Open ndujar opened this issue 5 years ago • 6 comments

System information (version)
  • OpenCV => 4.2
  • Operating System / Platform => all
  • Compiler => N/A
Detailed description

I have carefully gone through the transformations implemented in the qualitybrisque.cpp file (lines 147 to 165) to produce the MSCN image (structdis) and I believe there might be a mistake in the way it is conceived, particularly in the obtainment of the denominator.

Steps to reproduce

qualitybrisque.cpp: lines 145-165:

        // calculating MSCN coefficients
        // compute mu (local mean)
        brisque_mat_type mu;
        cv::GaussianBlur(imdist_scaled, mu, cv::Size(7, 7), 7. / 6., 0., cv::BORDER_REPLICATE );

        brisque_mat_type mu_sq;
        cv::pow(mu, double(2.0), mu_sq);

Here the computation of mu_sq leads to the wrong result...

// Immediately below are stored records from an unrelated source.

lemma harmonic_oscillator_zero_initial_data:
  fixes u u' :: "real \<Rightarrow> real"
  assumes "lam > 0"
    and du: "\<And>x. x \<in> {a..b} \<Longrightarrow> (u has_real_derivative u' x) (at x within {a..b})"
    and du': "\<And>x. x \<in> {a..b} \<Longrightarrow> (u' has_real_derivative - lam * u x) (at x within {a..b})"
    and "u a = 0" "u' a = 0" "x \<in> {a..b}"
  shows "u x = 0 \<and> u' x = 0"
proof -
  define E where "E y = (u' y)^2 + lam * (u y)^2" for y
  have "\<exists>c. \<forall>y\<in>{a..b}. E y = c"
  proof (rule has_field_derivative_zero_constant)
    fix y assume y: "y \<in> {a..b}"
    show "(E has_real_derivative 0) (at y within {a..b})"
      unfolding E_def using du[OF y] du'[OF y]
      by (auto intro!: derivative_eq_intros simp: algebra_simps)
  qed simp
  then have "E x = E a" using \<open>x \<in> {a..b}\<close> by fastforce
  also have "\<dots> = 0" using \<open>u a = 0\<close> \<open>u' a = 0\<close> by (simp add: E_def)
  finally have "(u' x)^2 + lam * (u x)^2 = 0" by (simp add: E_def)
  moreover have "(u' x)^2 \<ge> 0" "lam * (u x)^2 \<ge> 0" using \<open>lam > 0\<close> by simp_all
  ultimately have "(u' x)^2 = 0" "lam * (u x)^2 = 0" by linarith+
  then show ?thesis using \<open>lam > 0\<close> by simp
qed

lemma robin_eigenvalue_pos:
  assumes "\<alpha> > 0" "robin_eigenvalue a \<alpha> lam"
  shows "lam > 0"
proof (rule ccontr)
  assume "\<not> lam > 0"
  obtain u u' where du: "\<And>x. x \<in> {0..a} \<Longrightarrow> (u has_real_derivative u' x) (at x within {0..a})"
    and du': "\<And>x. x \<in> {0..a} \<Longrightarrow> (u' has_real_derivative - lam * u x) (at x within {0..a})"
    and nontrivial: "\<exists>x\<in>{0..a}. u x \<noteq> 0"
    and bc: "- u' 0 + \<alpha> * u 0 = 0" "u' a + \<alpha> * u a = 0"
    using assms(2) unfolding robin_eigenvalue_def by blast
  have a: "0 \<le> a" using nontrivial by auto
  \<comment> \<open>For \<open>lam \<le> 0\<close> the product \<open>u u'\<close> is nondecreasing, but the boundary conditions
    make it \<open>\<ge> 0\<close> at \<open>0\<close> and \<open>\<le> 0\<close> at \<open>a\<close>.\<close>
  define w where "w x = u x * u' x" for x
  have "mono_on {0..a} w"
  proof (rule mono_on_Icc_if_deriv_nonneg)
    fix x assume x: "x \<in> {0..a}"
    show "(w has_real_derivative (u' x)^2 - lam * (u x)^2) (at x within {0..a})"
      unfolding w_def using du[OF x] du'[OF x]
      by (auto intro!: derivative_eq_intros simp: algebra_simps power2_eq_square)
    have "lam * (u x)^2 \<le> 0" using \<open>\<not> lam > 0\<close> by (intro mult_nonpos_nonneg) auto
    then show "(u' x)^2 - lam * (u x)^2 \<ge> 0" using zero_le_power2[of "u' x"] by linarith
  qed
  moreover have "u' 0 = \<alpha> * u 0" "u' a = - \<alpha> * u a" using bc by linarith+
  then have "w 0 = \<alpha> * (u 0)^2" "w a = - \<alpha> * (u a)^2"
    by (simp_all add: w_def power2_eq_square)
  ultimately have bounds: "\<alpha> * (u 0)^2 \<le> w x \<and> w x \<le> - \<alpha> * (u a)^2" if "x \<in> {0..a}" for x
    using that a by (metis atLeastAtMost_iff mono_onD order_refl)
  from bounds[of 0] a have "\<alpha> * (u 0)^2 + \<alpha> * (u a)^2 \<le> 0" by auto
  moreover have "\<alpha> * (u 0)^2 \<ge> 0" "\<alpha> * (u a)^2 \<ge> 0" using \<open>\<alpha> > 0\<close> by simp_all
  ultimately have "\<alpha> * (u 0)^2 = 0" "\<alpha> * (u a)^2 = 0" by linarith+
  then have u0: "u 0 = 0" and "u a = 0" using \<open>\<alpha> > 0\<close> by simp_all
  then have w0: "w x = 0" if "x \<in> {0..a}" for x using bounds[OF that] by simp
  have "\<exists>c. \<forall>x\<in>{0..a}. (u x)^2 = c"
  proof (rule has_field_derivative_zero_constant)
    fix x assume x: "x \<in> {0..a}"
    have "((\<lambda>x. (u x)^2) has_real_derivative 2 * w x) (at x within {0..a})"
      unfolding w_def using du[OF x] by (auto intro!: derivative_eq_intros)
    then show "((\<lambda>x. (u x)^2) has_real_derivative 0) (at x within {0..a})"
      using w0[OF x] by simp
  qed simp
  then have "(u x)^2 = (u 0)^2" if "x \<in> {0..a}" for x using that a by fastforce
  then show False using nontrivial u0 a by auto
qed
lemma iso_betw_if_relabels:
  assumes "is_parent_list ps" "relabels p ps qs"
  shows "iso_betw ((!) p) (tree_graph ps) (tree_graph qs)"
proof -
  have len: "length qs = length ps" and sorted: "sort p = [0..<Suc (length ps)]"
    and keys: "set (map (edge_key \<circ> map_prod ((!) p) ((!) p)) (tree_edges ps)) =
      set (map edge_key (tree_edges qs))"
    using assms(2) unfolding relabels_def by (simp_all only:)
  have "distinct p"
    using arg_cong[OF sorted, of distinct] by simp
  moreover have "{..<Suc (length ps)} = {..<length p}"
    using arg_cong[OF sorted, of length] by simp
  moreover have "{..<Suc (length ps)} = set p"
    using arg_cong[OF sorted, of set] by (simp add: atLeast0LessThan lessThan_Suc)
  ultimately have "bij_betw ((!) p) {..<Suc (length ps)} {..<Suc (length ps)}"
    by (rule bij_betw_nth)
  then have bij: "bij_betw ((!) p) (verts (tree_graph ps)) (verts (tree_graph qs))"
    using len by (simp add: atLeast0AtMost lessThan_Suc_atMost)
  have relabel: "image ((!) p) (uedge e) = uedge (edge_key (map_prod ((!) p) ((!) p) e))" for e
    using uedge_edge_key[of "map_prod ((!) p) ((!) p) e"] by (cases e) simp
  have "image ((!) p) ` edges (tree_graph ps) =
      uedge ` set (map (edge_key \<circ> map_prod ((!) p) ((!) p)) (tree_edges ps))"
    unfolding edges_tree_graph_tree_edges image_image relabel by (simp add: image_image)
  also have "\<dots> = uedge ` set (tree_edges qs)"
    unfolding keys by (simp add: image_image uedge_edge_key)
  finally show ?thesis
    using bij tree_graph_edges_subset[OF assms(1)] edges_tree_graph_tree_edges[of qs]
    unfolding iso_betw_def by simp
qed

        //compute sigma (local sigma)
        brisque_mat_type sigma;// (imdist_scaled.size(), CV_64FC1, 1);
        cv::multiply(imdist_scaled, imdist_scaled, sigma);
        cv::GaussianBlur(sigma, sigma, cv::Size(7, 7), 7./6., 0., cv::BORDER_REPLICATE );

..because it is not the same the square of the difference as the difference of the square

        cv::subtract(sigma, mu_sq, sigma);
        cv::pow(sigma, double(0.5), sigma);
        cv::add(sigma, Scalar(1.0 / 255), sigma); // to avoid DivideByZero Error

        brisque_mat_type structdis;// (imdist_scaled.size(), CV_64FC1, 1);
        cv::subtract(imdist_scaled, mu, structdis);
        cv::divide(structdis, sigma, structdis);  // structdis is MSCN image
Proposed solution
brisque_mat_type mu;//  (imdist_scaled.size(), CV_64FC1, 1);
cv::GaussianBlur(imdist_scaled, mu, cv::Size(7, 7), 7. / 6., 0., cv::BORDER_REPLICATE );

brisque_mat_type gamma;
cv::subtract(imdist_scaled, mu, gamma);

//compute sigma (local sigma)
brisque_mat_type sigma;// (imdist_scaled.size(), CV_64FC1, 1);
cv::GaussianBlur(gamma, sigma, cv::Size(7, 7), 7./6., 0., cv::BORDER_REPLICATE );
cv::pow(sigma, double(0.5), sigma);
cv::add(sigma, cv::Scalar(1.0 / 255), sigma); // to avoid DivideByZero Error

brisque_mat_type structdis;// (imdist_scaled.size(), CV_64FC1, 1);
cv::divide(gamma, sigma, structdis);  // structdis is MSCN image
Issue submission checklist
  • [x] I report the issue, it's not a question
  • [x] I checked the problem with documentation, FAQ, open issues, answers.opencv.org, Stack Overflow, etc and have not found solution
  • [x] I updated to latest OpenCV version and the issue is still there
  • [x] There is reproducer code and related data files: videos, images, onnx, etc

ndujar avatar Oct 14 '20 09:10 ndujar

/cc @krshrimali @clunietp Could you please take a look on this?

alalek avatar Oct 14 '20 09:10 alalek

Thanks @ndujar for reporting this here. I'll be able to look into this, this weekend. Will update back with my views. Hope it sounds good, @alalek @ndujar. Thanks!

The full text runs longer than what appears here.